EXERCISE >> Give back an exact copy of the lines below, from the first through the line with "v * (\<Sum>e\<in>E"; please stop there.

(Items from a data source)

***

lemma wk_generator:
  fixes xs :: "(int ^ 'd::finite) list" and \<phi> :: "'d wstate \<Rightarrow> real"
  assumes "finite E" "finite F"
  shows "(\<Sum>\<sigma>\<in>jump_supp (wk_rate R v p) (xs, E, F).
      wk_rate R v p (xs, E, F) \<sigma> * (\<phi> \<sigma> - \<phi> (xs, E, F))) =
    v * (\<Sum>e\<in>E \<union> F. \<phi> (forget_edge (xs, E, F) e) - \<phi> (xs, E, F)) +
    (\<Sum>i<length xs. \<Sum>y\<in>ball1 (xs ! i) R - {xs ! i}. \<Sum>E'\<in>Pow (unexplored R (xs ! i) E F).
       edge_weight p E' (unexplored R (xs ! i) E F - E') * jrate TYPE('d) R *
       (\<phi> (walker_move R (xs, E, F) i y E') - \<phi> (xs, E, F)))"
proof -
  let ?s = "(xs, E, F)" and ?T = "wk_targets R (xs, E, F)"
  let ?w = "\<lambda>i E'. edge_weight p E' (unexplored R (xs ! i) E F - E') * jrate TYPE('d) R"
  define g where "g \<sigma> = \<phi> \<sigma> - \<phi> ?s" for \<sigma>
  define A where "A \<sigma> = (\<Sum>e\<in>E \<union> F. if \<sigma> = forget_edge ?s e then 1 else 0 :: real)" for \<sigma>
  define B where "B \<sigma> = (\<Sum>i<length xs. \<Sum>y\<in>ball1 (xs ! i) R - {xs ! i}.
    \<Sum>E'\<in>Pow (unexplored R (xs ! i) E F). if \<sigma> = walker_move R ?s i y E' then ?w i E' else 0)"
    for \<sigma>
  have T: "finite ?T" using assms by (rule finite_wk_targets)
  have "(\<Sum>\<sigma>\<in>jump_supp (wk_rate R v p) ?s. wk_rate R v p ?s \<sigma> * g \<sigma>) =
      (\<Sum>\<sigma>\<in>?T. wk_rate R v p ?s \<sigma> * g \<sigma>)"
    using T wk_supp_subset_targets[OF assms]
    by (intro sum.mono_neutral_left) (auto simp: jump_supp_def)
  also have "\<dots> = (\<Sum>\<sigma>\<in>?T. (v * A \<sigma> + B \<sigma>) * g \<sigma>)"
    by (intro sum.cong refl)
       (simp add: wk_rate_eq[OF assms] A_def B_def g_def del: walker_move.simps)
  also have "\<dots> = v * (\<Sum>\<sigma>\<in>?T. A \<sigma> * g \<sigma>) + (\<Sum>\<sigma>\<in>?T. B \<sigma> * g \<sigma>)"
    by (simp add: distrib_right sum.distrib sum_distrib_left mult.assoc)
  also have "(\<Sum>\<sigma>\<in>?T. A \<sigma> * g \<sigma>) = (\<Sum>e\<in>E \<union> F. 1 * g (forget_edge ?s e))"
    unfolding A_def by (rule sum_delta_weights[OF T]) (simp del: forget_edge.simps)
  also have "(\<Sum>\<sigma>\<in>?T. B \<sigma> * g \<sigma>) = (\<Sum>i<length xs. \<Sum>y\<in>ball1 (xs ! i) R - {xs ! i}.
      \<Sum>E'\<in>Pow (unexplored R (xs ! i) E F). ?w i E' * g (walker_move R ?s i y E'))"
    unfolding B_def
    by (subst sum_distrib_right, subst sum.swap, intro sum.cong refl,
        subst sum_distrib_right, subst sum.swap, intro sum.cong refl sum_delta_weights[OF T])
       (simp del: walker_move.simps; blast)
  finally show ?thesis by (simp add: g_def)
qed

section \<open>Cylinder events\<close>

definition cyl_event :: "(int ^ 'd::finite) set \<Rightarrow> (int ^ 'd) set set \<Rightarrow> (int ^ 'd) set set
    \<Rightarrow> ((int ^ 'd \<Rightarrow> bool) \<times> ((int ^ 'd) set \<Rightarrow> bool)) set" where
  "cyl_event C E F = {c. (\<forall>x\<in>C. fst c x) \<and> (\<forall>e\<in>E. snd c e) \<and> (\<forall>e\<in>F. \<not> snd c e)}"

definition cyl_indicator :: "(int ^ 'd::finite \<Rightarrow> bool) \<times> ((int ^ 'd) set \<Rightarrow> bool)
    \<Rightarrow> (int ^ 'd) set \<Rightarrow> (int ^ 'd) set set \<Rightarrow> (int ^ 'd) set set \<Rightarrow> real" where
  "cyl_indicator c C E F = indicator (cyl_event C E F) c"

definition cyl_prob :: "((int ^ 'd::finite \<Rightarrow> bool) \<times> ((int ^ 'd) set \<Rightarrow> bool)) measure
    \<Rightarrow> (int ^ 'd) set \<Rightarrow> (int ^ 'd) set set \<Rightarrow> (int ^ 'd) set set \<Rightarrow> real" where
  "cyl_prob \<mu> C E F = measure \<mu> (cyl_event C E F \<inter> space \<mu>)"

lemma mubar_eq_cyl_prob: "mubar p \<mu> C E F = cyl_prob \<mu> C E F / edge_weight p E F"
proof -
  have "{c \<in> space \<mu>. (\<forall>x\<in>C. fst c x) \<and> (\<forall>e\<in>E. snd c e) \<and> (\<forall>e\<in>F. \<not> snd c e)} =
      cyl_event C E F \<inter> space \<mu>"
    unfolding cyl_event_def by auto
  thus ?thesis
    unfolding mubar_def cyl_prob_def edge_weight_def by (simp add: divide_inverse mult.commute)
qed

lemma sets_cyl_event:
  assumes "finite C" "finite E" "finite F" "E \<subseteq> edges" "F \<subseteq> edges"
  shows "cyl_event C E F \<inter> space cfg_space \<in> sets cfg_space"
proof -
  have fst_pred: "Measurable.pred cfg_space (\<lambda>c. fst c x)" for x :: "int ^ 'd"
    unfolding cfg_space_def by measurable
  have snd_pred: "Measurable.pred cfg_space (\<lambda>c. snd c e)" if "e \<in> edges" for e
    using that unfolding cfg_space_def by measurable
  have "Measurable.pred cfg_space
      (\<lambda>c. (\<forall>x\<in>C. fst c x) \<and> (\<forall>e\<in>E. snd c e) \<and> (\<forall>e\<in>F. \<not> snd c e))"
    using assms fst_pred snd_pred by (intro pred_intros_logic pred_intros_finite) auto
  moreover have "cyl_event C E F \<inter> space cfg_space =
      {c \<in> space cfg_space. (\<forall>x\<in>C. fst c x) \<and> (\<forall>e\<in>E. snd c e) \<and> (\<forall>e\<in>F. \<not> snd c e)}"
    unfolding cyl_event_def by auto
  ultimately show ?thesis by (simp add: predE)
qed

lemma cyl_indicator_explored:
  assumes "E' \<subseteq> D" "D \<inter> (E \<union> F) = {}"
  shows "cyl_indicator c C (E \<union> E') (F \<union> (D - E')) =
    (if E' = {e \<in> D. snd c e} then cyl_indicator c C E F else 0)"
proof -
  have "c \<in> cyl_event C (E \<union> E') (F \<union> (D - E')) \<longleftrightarrow>
      c \<in> cyl_event C E F \<and> E' = {e \<in> D. snd c e}"
    using assms unfolding cyl_event_def by auto
  thus ?thesis unfolding cyl_indicator_def by (auto simp: indicator_def)
qed

lemma cyl_indicator_explore:
  assumes "finite D" "D \<inter> (E \<union> F) = {}"
  shows "cyl_indicator c C E F = (\<Sum>E'\<in>Pow D. cyl_indicator c C (E \<union> E') (F \<union> (D - E')))"
proof -
  have "(\<Sum>E'\<in>Pow D. cyl_indicator c C (E \<union> E') (F \<union> (D - E'))) =
      (\<Sum>E'\<in>Pow D. if E' = {e \<in> D. snd c e} then cyl_indicator c C E F else 0)"
    using assms(2) by (intro sum.cong refl cyl_indicator_explored) auto
  also have "\<dots> = cyl_indicator c C E F" using assms(1) by (simp add: sum.delta')
  finally show ?thesis by simp
qed

lemma sum_edge_weight_Pow: "finite D \<Longrightarrow> (\<Sum>E'\<in>Pow D. edge_weight p E' (D - E')) = 1"
proof -
  assume "finite D"
  hence "(\<Prod>e\<in>D. p + (1 - p)) = (\<Sum>E'\<in>Pow D. (\<Prod>e\<in>E'. p) * (\<Prod>e\<in>D - E'. 1 - p))"
    by (rule prod_add)
  thus ?thesis by (simp add: edge_weight_def)
qed

lemma edge_weight_Un:
  assumes "finite E" "finite F" "finite D" "E' \<subseteq> D" "D \<inter> (E \<union> F) = {}" "E \<inter> F = {}"
  shows "edge_weight p (E \<union> E') (F \<union> (D - E')) = edge_weight p E F * edge_weight p E' (D - E')"
proof -
  have "card (E \<union> E') = card E + card E'"
    using assms by (intro card_Un_disjoint) (auto intro: finite_subset)
  moreover have "card (F \<union> (D - E')) = card F + card (D - E')"
    using assms by (intro card_Un_disjoint) auto
  ultimately show ?thesis unfolding edge_weight_def by (simp add: power_add mult_ac)
qed

lemma edge_weight_remove_open:
  assumes "finite E" "e \<in> E"
  shows "edge_weight p E F = p * edge_weight p (E - {e}) F"
  unfolding edge_weight_def card.remove[OF assms] by (simp only: power_Suc mult.assoc)

lemma edge_weight_remove_closed:
  assumes "finite F" "e \<in> F"
  shows "edge_weight p E F = (1 - p) * edge_weight p E (F - {e})"
  unfolding edge_weight_def card.remove[OF assms] by (simp only: power_Suc mult.left_commute)

lemma edge_weight_pos: "0 < p \<Longrightarrow> p < 1 \<Longrightarrow> 0 < edge_weight p E F"
  unfolding edge_weight_def by simp

lemma mubar_state_nonneg: "0 < p \<Longrightarrow> p < 1 \<Longrightarrow> 0 \<le> mubar_state p \<mu> s"
  unfolding mubar_state_def mubar_eq_cyl_prob cyl_prob_def
  by (intro divide_nonneg_pos measure_nonneg edge_weight_pos)

lemma mubar_state_forget_edge:
  assumes "0 < p" "p < 1" "(xs, E, F) \<in> wk_states" "e \<in> E \<union> F"
  shows "v * (mubar_state p \<mu> (forget_edge (xs, E, F) e) - mubar_state p \<mu> (xs, E, F)) =
    ((if e \<in> E then p * v * cyl_prob \<mu> (set xs) (E - {e}) F
      else (1 - p) * v * cyl_prob \<mu> (set xs) E (F - {e})) - v * cyl_prob \<mu> (set xs) E F)
    / edge_weight p E F"
proof (cases "e \<in> E")
  case True
  with assms(3) have "F - {e} = F" "finite E" by (auto simp: wk_states_def)
  moreover have N: "edge_weight p E F = p * edge_weight p (E - {e}) F"
    using \<open>finite E\<close> True by (rule edge_weight_remove_open)
  moreover have "0 < edge_weight p (E - {e}) F" using assms(1,2) by (rule edge_weight_pos)
  ultimately show ?thesis
    using True assms(1) by (simp add: mubar_state_def mubar_eq_cyl_prob N field_simps)
next
  case False
  with assms have "e \<in> F" "finite F" by (auto simp: wk_states_def)
  hence N: "edge_weight p E F = (1 - p) * edge_weight p E (F - {e})"
    by (intro edge_weight_remove_closed)
  have "0 < edge_weight p E (F - {e})" using assms(1,2) by (rule edge_weight_pos)
  thus ?thesis
    using False assms(2) by (simp add: mubar_state_def mubar_eq_cyl_prob N field_simps)
qed

lemma edge_weight_mubar_state_walker_move:
  fixes R i :: nat
  assumes "0 < p" "p < 1" "(xs, E, F) \<in> wk_states" "E' \<subseteq> unexplored R (xs ! i) E F"
  shows "edge_weight p E' (unexplored R (xs ! i) E F - E') *
      mubar_state p \<mu> (walker_move R (xs, E, F) i y E') =
    cyl_prob \<mu> (set (if conn (\<lambda>e. e \<in> E \<union> E') (ball1 (xs ! i) R) (xs ! i) y
      then xs[i := y] else xs)) (E \<union> E') (F \<union> (unexplored R (xs ! i) E F - E')) / edge_weight p E F"
proof -
  have "edge_weight p (E \<union> E') (F \<union> (unexplored R (xs ! i) E F - E')) =
      edge_weight p E F * edge_weight p E' (unexplored R (xs ! i) E F - E')"
    using assms(3,4) finite_unexplored[of R "xs ! i" E F] unexplored_disjoint[of R "xs ! i" E F]
    by (intro edge_weight_Un) (auto simp: wk_states_def)
  moreover have "0 < edge_weight p E F" "0 < edge_weight p E' (unexplored R (xs ! i) E F - E')"
    using assms(1,2) by (simp_all add: edge_weight_pos)
  ultimately show ?thesis by (simp add: mubar_state_def mubar_eq_cyl_prob)
qed

section \<open>Duality between the voter model and the walkers\<close>

(* The change of Q caused by the walker at x attempting jumps to the sites y of its ball: the
   unexplored edges of B_1(x, R) are revealed, E' open and the others closed, and the jump
   succeeds iff x and y are connected through open edges inside the ball, the occupied set then
   becoming Z y. *)
definition move_gain :: "((int ^ 'd::finite) set \<Rightarrow> (int ^ 'd) set set \<Rightarrow> (int ^ 'd) set set \<Rightarrow> real)
    \<Rightarrow> nat \<Rightarrow> (int ^ 'd) set \<Rightarrow> (int ^ 'd) set set \<Rightarrow> (int ^ 'd) set set \<Rightarrow> int ^ 'd
    \<Rightarrow> (int ^ 'd \<Rightarrow> (int ^ 'd) set) \<Rightarrow> real" where
  "move_gain Q R C E F x Z = (\<Sum>y\<in>ball1 x R - {x}. jrate TYPE('d) R *
     (\<Sum>E'\<in>Pow (unexplored R x E F). of_bool (conn (\<lambda>e. e \<in> E \<union> E') (ball1 x R) x y) *
        (Q (Z y) (E \<union> E') (F \<union> (unexplored R x E F - E')) -
         Q C (E \<union> E') (F \<union> (unexplored R x E F - E')))))"

(* The change of Q caused by the known edges being refreshed. *)
definition flip_gain :: "((int ^ 'd::finite) set \<Rightarrow> (int ^ 'd) set set \<Rightarrow> (int ^ 'd) set set \<Rightarrow> real)
    \<Rightarrow> real \<Rightarrow> real \<Rightarrow> (int ^ 'd) set \<Rightarrow> (int ^ 'd) set set \<Rightarrow> (int ^ 'd) set set \<Rightarrow> real" where
  "flip_gain Q p v C E F = (\<Sum>e\<in>E \<union> F.
     (if e \<in> E then p * v * Q C (E - {e}) F else (1 - p) * v * Q C E (F - {e})) - v * Q C E F)"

***

WRITTEN ANSWER >>
lemma wk_generator:
  fixes xs :: "(int ^ 'd::finite) list" and \<phi> :: "'d wstate \<Rightarrow> real"
  assumes "finite E" "finite F"
  shows "(\<Sum>\<sigma>\<in>jump_supp (wk_rate R v p) (xs, E, F).
      wk_rate R v p (xs, E, F) \<sigma> * (\<phi> \<sigma> - \<phi> (xs, E, F))) =
    v * (\<Sum>e\<in>E \<union> F. \<phi> (forget_edge (xs, E, F) e) - \<phi> (xs, E, F)) +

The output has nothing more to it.